* _Entries shown_:

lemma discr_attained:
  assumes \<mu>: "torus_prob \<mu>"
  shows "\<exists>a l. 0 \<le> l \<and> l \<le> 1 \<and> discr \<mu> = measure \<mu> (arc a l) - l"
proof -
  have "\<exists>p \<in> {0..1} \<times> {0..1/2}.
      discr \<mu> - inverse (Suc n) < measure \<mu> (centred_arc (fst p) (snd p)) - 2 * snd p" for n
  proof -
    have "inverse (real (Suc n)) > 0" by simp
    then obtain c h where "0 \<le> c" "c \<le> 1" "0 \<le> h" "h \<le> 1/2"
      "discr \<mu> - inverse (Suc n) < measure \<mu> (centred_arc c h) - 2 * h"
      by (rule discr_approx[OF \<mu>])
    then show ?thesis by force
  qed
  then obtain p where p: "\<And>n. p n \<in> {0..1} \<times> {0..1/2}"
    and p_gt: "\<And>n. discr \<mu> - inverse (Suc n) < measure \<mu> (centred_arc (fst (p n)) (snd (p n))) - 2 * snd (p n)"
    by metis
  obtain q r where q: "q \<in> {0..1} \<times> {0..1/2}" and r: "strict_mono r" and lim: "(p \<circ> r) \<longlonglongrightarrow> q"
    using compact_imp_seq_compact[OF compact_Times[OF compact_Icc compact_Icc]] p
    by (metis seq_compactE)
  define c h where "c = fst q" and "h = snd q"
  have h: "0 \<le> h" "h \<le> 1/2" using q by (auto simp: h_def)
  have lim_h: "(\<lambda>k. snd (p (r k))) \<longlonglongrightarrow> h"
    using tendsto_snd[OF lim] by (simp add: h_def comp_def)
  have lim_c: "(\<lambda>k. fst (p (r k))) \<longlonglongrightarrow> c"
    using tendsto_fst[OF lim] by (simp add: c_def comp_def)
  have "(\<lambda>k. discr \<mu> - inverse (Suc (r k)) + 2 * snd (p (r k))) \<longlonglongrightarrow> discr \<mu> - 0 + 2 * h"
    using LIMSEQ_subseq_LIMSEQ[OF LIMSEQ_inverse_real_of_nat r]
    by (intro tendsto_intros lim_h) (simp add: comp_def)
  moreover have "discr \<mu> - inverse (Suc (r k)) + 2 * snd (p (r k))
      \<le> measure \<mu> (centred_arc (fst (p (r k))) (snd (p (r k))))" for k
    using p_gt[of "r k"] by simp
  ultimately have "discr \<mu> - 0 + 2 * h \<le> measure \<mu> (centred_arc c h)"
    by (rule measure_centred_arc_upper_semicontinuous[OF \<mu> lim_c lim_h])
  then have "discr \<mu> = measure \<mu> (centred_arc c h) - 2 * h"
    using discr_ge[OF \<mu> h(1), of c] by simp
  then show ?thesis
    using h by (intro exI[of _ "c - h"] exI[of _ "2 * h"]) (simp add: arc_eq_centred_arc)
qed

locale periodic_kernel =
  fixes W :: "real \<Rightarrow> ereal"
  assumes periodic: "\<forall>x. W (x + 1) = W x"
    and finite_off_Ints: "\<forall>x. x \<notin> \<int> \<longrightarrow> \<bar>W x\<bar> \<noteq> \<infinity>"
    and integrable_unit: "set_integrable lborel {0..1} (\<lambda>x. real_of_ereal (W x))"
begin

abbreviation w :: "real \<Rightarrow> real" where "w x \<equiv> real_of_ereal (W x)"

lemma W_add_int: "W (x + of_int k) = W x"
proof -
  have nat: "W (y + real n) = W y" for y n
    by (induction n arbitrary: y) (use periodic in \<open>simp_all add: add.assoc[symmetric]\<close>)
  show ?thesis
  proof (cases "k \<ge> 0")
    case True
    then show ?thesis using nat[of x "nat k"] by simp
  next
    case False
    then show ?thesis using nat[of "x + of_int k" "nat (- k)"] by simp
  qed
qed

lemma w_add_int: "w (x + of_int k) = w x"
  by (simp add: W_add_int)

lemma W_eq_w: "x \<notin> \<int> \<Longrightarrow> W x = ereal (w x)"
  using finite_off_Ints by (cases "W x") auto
...
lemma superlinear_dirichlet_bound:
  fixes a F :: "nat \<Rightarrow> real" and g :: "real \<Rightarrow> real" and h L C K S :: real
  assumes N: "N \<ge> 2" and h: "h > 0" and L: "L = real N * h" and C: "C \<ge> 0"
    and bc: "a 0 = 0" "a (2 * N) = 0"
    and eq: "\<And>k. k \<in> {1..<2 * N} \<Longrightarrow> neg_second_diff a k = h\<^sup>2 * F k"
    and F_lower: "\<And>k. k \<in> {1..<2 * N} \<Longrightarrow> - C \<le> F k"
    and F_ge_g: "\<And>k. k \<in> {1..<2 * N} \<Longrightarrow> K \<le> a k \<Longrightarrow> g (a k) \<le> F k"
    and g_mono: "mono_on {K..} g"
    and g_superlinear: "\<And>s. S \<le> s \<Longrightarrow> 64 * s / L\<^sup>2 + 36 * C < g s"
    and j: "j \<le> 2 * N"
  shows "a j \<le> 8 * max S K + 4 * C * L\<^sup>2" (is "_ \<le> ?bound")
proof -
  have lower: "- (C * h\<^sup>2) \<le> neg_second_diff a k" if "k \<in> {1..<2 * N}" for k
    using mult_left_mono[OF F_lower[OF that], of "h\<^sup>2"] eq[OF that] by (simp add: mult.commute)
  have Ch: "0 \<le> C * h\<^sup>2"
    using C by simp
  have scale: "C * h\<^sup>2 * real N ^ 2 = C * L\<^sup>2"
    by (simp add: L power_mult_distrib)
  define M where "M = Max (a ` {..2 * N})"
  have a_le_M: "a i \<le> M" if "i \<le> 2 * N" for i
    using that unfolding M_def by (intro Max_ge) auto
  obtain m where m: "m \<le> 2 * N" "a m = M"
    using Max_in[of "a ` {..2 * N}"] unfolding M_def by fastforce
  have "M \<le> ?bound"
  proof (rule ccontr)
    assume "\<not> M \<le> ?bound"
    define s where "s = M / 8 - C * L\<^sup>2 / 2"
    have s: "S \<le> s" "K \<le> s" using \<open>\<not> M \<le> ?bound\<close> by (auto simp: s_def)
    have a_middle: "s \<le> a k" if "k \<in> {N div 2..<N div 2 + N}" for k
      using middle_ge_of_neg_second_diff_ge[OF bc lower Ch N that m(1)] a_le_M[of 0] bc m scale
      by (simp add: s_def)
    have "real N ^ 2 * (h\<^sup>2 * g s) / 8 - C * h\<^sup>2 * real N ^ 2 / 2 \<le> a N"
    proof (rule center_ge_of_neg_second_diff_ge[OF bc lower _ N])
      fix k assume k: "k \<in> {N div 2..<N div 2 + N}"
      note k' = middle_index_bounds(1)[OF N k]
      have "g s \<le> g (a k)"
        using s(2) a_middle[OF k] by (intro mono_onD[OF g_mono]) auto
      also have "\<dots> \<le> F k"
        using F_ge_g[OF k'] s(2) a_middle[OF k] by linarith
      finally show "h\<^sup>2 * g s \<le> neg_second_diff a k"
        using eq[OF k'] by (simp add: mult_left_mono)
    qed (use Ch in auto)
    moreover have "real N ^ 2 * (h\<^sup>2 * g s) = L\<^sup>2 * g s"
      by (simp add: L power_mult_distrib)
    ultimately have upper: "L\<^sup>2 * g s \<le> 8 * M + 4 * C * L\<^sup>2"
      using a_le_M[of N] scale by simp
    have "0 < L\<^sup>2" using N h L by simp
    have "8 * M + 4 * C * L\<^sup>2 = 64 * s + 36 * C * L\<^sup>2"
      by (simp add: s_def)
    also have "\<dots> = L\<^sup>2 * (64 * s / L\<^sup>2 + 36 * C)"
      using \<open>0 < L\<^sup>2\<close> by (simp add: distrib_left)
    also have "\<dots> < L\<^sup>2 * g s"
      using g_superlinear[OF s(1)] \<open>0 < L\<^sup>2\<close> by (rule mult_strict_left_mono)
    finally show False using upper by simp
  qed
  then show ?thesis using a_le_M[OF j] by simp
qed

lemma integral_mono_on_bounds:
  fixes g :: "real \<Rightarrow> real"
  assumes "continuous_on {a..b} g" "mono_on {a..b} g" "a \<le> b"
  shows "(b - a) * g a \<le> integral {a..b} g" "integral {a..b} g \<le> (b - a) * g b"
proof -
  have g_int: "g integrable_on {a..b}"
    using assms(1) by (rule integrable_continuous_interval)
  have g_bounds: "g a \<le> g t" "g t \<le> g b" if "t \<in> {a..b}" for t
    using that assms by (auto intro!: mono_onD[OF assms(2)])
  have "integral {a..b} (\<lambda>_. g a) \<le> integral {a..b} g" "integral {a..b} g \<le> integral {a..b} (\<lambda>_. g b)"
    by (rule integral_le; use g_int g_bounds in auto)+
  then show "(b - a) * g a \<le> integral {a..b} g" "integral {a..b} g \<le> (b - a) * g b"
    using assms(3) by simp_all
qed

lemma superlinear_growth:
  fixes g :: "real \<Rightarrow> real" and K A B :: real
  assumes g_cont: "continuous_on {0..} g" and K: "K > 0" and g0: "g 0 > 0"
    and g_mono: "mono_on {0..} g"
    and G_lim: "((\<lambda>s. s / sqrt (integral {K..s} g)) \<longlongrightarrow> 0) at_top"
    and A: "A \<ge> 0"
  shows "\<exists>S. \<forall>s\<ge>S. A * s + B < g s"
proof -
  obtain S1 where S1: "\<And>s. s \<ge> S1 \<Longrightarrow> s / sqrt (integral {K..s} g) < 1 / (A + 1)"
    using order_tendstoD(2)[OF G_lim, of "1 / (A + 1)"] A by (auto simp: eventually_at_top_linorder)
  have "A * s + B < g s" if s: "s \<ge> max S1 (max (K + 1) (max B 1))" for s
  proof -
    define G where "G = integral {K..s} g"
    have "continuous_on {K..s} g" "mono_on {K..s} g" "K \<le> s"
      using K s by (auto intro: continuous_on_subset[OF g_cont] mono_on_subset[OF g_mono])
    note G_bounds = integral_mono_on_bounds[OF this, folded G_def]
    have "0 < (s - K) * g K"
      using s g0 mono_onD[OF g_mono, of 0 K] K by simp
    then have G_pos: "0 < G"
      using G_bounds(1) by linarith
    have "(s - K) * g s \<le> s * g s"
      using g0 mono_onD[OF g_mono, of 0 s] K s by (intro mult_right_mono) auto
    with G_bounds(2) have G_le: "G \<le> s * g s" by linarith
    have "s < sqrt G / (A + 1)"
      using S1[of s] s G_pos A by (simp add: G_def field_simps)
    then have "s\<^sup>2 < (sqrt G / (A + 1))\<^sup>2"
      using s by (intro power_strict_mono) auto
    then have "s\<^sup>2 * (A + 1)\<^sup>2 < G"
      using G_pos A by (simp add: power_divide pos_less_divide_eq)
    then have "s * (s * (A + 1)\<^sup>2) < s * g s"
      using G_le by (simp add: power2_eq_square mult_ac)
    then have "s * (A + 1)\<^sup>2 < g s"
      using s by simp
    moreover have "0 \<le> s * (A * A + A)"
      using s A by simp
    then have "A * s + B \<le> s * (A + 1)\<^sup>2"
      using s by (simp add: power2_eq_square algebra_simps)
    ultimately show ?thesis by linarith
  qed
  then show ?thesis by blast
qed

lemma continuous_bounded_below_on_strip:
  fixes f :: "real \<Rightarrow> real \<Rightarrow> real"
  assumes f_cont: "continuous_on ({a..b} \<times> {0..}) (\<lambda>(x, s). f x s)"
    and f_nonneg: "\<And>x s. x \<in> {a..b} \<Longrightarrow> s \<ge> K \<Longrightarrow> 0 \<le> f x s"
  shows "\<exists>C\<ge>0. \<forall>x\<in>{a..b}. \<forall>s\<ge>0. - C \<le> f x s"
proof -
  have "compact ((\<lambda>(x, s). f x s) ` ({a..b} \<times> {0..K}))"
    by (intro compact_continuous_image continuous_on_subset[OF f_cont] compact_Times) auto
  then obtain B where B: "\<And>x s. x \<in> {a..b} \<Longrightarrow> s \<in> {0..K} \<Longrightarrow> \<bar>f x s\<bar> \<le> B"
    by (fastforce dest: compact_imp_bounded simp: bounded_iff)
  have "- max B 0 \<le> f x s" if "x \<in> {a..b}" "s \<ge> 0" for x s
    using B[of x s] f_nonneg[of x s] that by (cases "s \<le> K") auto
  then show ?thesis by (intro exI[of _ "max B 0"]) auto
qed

* _To do_: Pull every line containing "exists" from the entries above and copy it.

* _Written solution_:
  shows "\<exists>a l. 0 \<le> l \<and> l \<le> 1 \<and> discr \<mu> = measure \<mu> (arc a l) - l"
  have "\<exists>p \<in> {0..1} \<times> {0..1/2}.
  shows "\<exists>S. \<forall>s\<ge>S. A * s + B < g s"
  shows "\<exists>C\<ge>0. \<forall>x\<in>{a..b}. \<forall>s\<ge>0. - C \<le> f x s"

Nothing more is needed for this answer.